Some United States Air Force WB-29 weather reconnaissance aircraft were fitted with special filters to collect atmospheric radioactive debris. On 3 September 1949, the Air Force Office of Atomic Energy had a WB-29 fly from Misawa Air Base in Japan to Eielson Air Force Base in Alaska. The plane collected some debris during this flight. This data was then cross-checked with data from later flights, and it was determined that the Soviet Union had effectively tested a nuclear weapon.

==Response in the West==
The test surprised the Western powers. American intelligence had estimated that the Soviets would not produce an atomic weapon until 1953, while the British did not expect it until 1954. When the nuclear fission products from the test were detected by the U.S. Air Force, the United States began to follow the trail of the nuclear fallout debris. President Harry S. Truman notified the world of the situation on 23 September 1949: "We have evidence that within recent weeks an atomic explosion occurred in the U.S.S.R." Truman's statement likely in turn surprised the Soviets, who had hoped to keep the test a secret to avoid encouraging the Americans to increase their atomic programs, and did not know that the United States had built a test-detection system using the WB-29. The announcement was a turning point in the Cold War, that had just begun, and marked the beginning of the nuclear arms race. Once the Soviet Union was confirmed to be in possession of the atomic bomb, pressure mounted to develop the first hydrogen bomb. Truman was informed of the possibility of such a weapon thirteen days later, on 6 October 1949.

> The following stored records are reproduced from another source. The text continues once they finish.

lemma is_path_interval_subset:
  fixes f :: "'a \<Rightarrow> 'b::linorder"
  assumes p: "is_path V E p" and "f (hd p) \<in> S"
    and edge: "\<And>u w. E u w \<Longrightarrow> {min (f u) (f w)..max (f u) (f w)} \<subseteq> S"
  shows "{min (f (hd p)) (f (last p))..max (f (hd p)) (f (last p))} \<subseteq> S"
proof -
  let ?g = "\<lambda>i. f (p ! i)" and ?n = "length p - 1"
  have "p \<noteq> []"
    using p unfolding is_path_def by simp
  have "{min (?g i) (?g (Suc i))..max (?g i) (?g (Suc i))} \<subseteq> S" if "i < ?n" for i
    using edge p that unfolding is_path_def by simp
  moreover have "?g 0 \<in> S"
    using assms(2) \<open>p \<noteq> []\<close> by (simp add: hd_conv_nth)
  ultimately have "{min (?g 0) (?g ?n)..max (?g 0) (?g ?n)} \<subseteq> S"
    by (rule interval_chain_subset[rotated])
  then show ?thesis
    using \<open>p \<noteq> []\<close> by (simp add: hd_conv_nth last_conv_nth)
qed

lemma unicyclic_tau_jump_interval:
  assumes u: "unicyclic V E" and xy: "E x y" and jump: "tau V E x + 2 \<le> tau V E y"
  shows "{tau V E x..tau V E y} \<subseteq> tau V E ` V"
proof -
  have sg: "simple_graph V E"
    using u unfolding unicyclic_def by simp
  obtain P where P: "is_path V E P" "hd P = y" "length P = tau V E y"
    using tau_attained[OF sg simple_graphD(3)[OF sg xy]] .
  obtain j where j: "2 \<le> j" "j < length P" "P ! j = x"
    using longest_path_contains_jump_neighbour[OF sg xy jump P] .
  let ?c = "take (Suc j) P" and ?g = "\<lambda>i. tau V E (P ! (j + i))" and ?n = "length P - Suc j"
  have c: "is_cycle_seq V E ?c"
    using is_cycle_seq_take(1)[OF P(1) j(1,2)] xy j(3) P(2) by simp
  have PV: "set P \<subseteq> V" and Pdist: "distinct P" and Pne: "P \<noteq> []"
    using P(1) unfolding is_path_def by auto
  have "{min (?g i) (?g (Suc i))..max (?g i) (?g (Suc i))} \<subseteq> tau V E ` V" if "i < ?n" for i
  proof -
    have edge: "E (P ! (j + i)) (P ! Suc (j + i))"
      using P(1) that unfolding is_path_def by simp
    have "P ! Suc (j + i) \<in> set (drop (Suc j) P)"
      using that by (auto simp: in_set_conv_nth intro: exI[of _ i])
    then have "P ! Suc (j + i) \<notin> set ?c"
      using set_take_disj_set_drop_if_distinct[OF Pdist] by blast
    from unicyclic_tau_step_off_cycle[OF u c edge this]
    have "{min (?g i) (?g (Suc i))..max (?g i) (?g (Suc i))} \<subseteq> {?g i, ?g (Suc i)}"
      by auto
    also have "\<dots> \<subseteq> tau V E ` V"
      using PV that nth_mem[of "j + i" P] nth_mem[of "Suc (j + i)" P] by fastforce
    finally show ?thesis .
  qed
  moreover have "?g 0 \<in> tau V E ` V"
    using j PV nth_mem[of j P] by auto
  ultimately have "{min (?g 0) (?g ?n)..max (?g 0) (?g ?n)} \<subseteq> tau V E ` V"
    by (rule interval_chain_subset[rotated])
  moreover have "?g 0 = tau V E x" "?g ?n = tau V E (last P)"
    using j Pne by (simp_all add: last_conv_nth)
  moreover have "tau V E y \<le> tau V E (last P)"
    using length_le_tau[OF sg is_path_rev[OF sg P(1)]] P j by (simp add: hd_rev)
  ultimately show ?thesis
    by auto
qed

lemma unicyclic_edge_tau_interval:
  assumes u: "unicyclic V E" and xy: "E x y"
  shows "{min (tau V E x) (tau V E y)..max (tau V E x) (tau V E y)} \<subseteq> tau V E ` V"
proof -
  have sg: "simple_graph V E"
    using u unfolding unicyclic_def by simp
  consider "tau V E x + 2 \<le> tau V E y" | "tau V E y + 2 \<le> tau V E x"
    | "tau V E x \<le> tau V E y + 1 \<and> tau V E y \<le> tau V E x + 1"
    by linarith
  then show ?thesis
  proof cases
    case 1
    then show ?thesis
      using unicyclic_tau_jump_interval[OF u xy] by simp
  next
    case 2
    then show ?thesis
      using unicyclic_tau_jump_interval[OF u simple_graphD(4)[OF sg xy]] by simp
  next
    case 3
    then have "{min (tau V E x) (tau V E y)..max (tau V E x) (tau V E y)} \<subseteq> {tau V E x, tau V E y}"
      by (auto simp: min_def max_def)
    then show ?thesis
      using xy simple_graphD(2,3)[OF sg] by blast
  qed
qed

==Response in the Soviet Union==
Following Truman's announcement, Soviet state newspaper TASS released a report. It suggested the West had detected signatures from excavation works in the Soviet Union. Nonetheless, it stated the Soviet Union possessed nuclear weapons, and noted the November 1947 claim by Minister of Foreign Affairs Vyacheslav Molotov, that the Soviet Union understood the "secret" of nuclear weapons design. Deputy Chairman of the Council of Ministers Kliment Voroshilov internationally reiterated nuclear capability five months later in March 1950.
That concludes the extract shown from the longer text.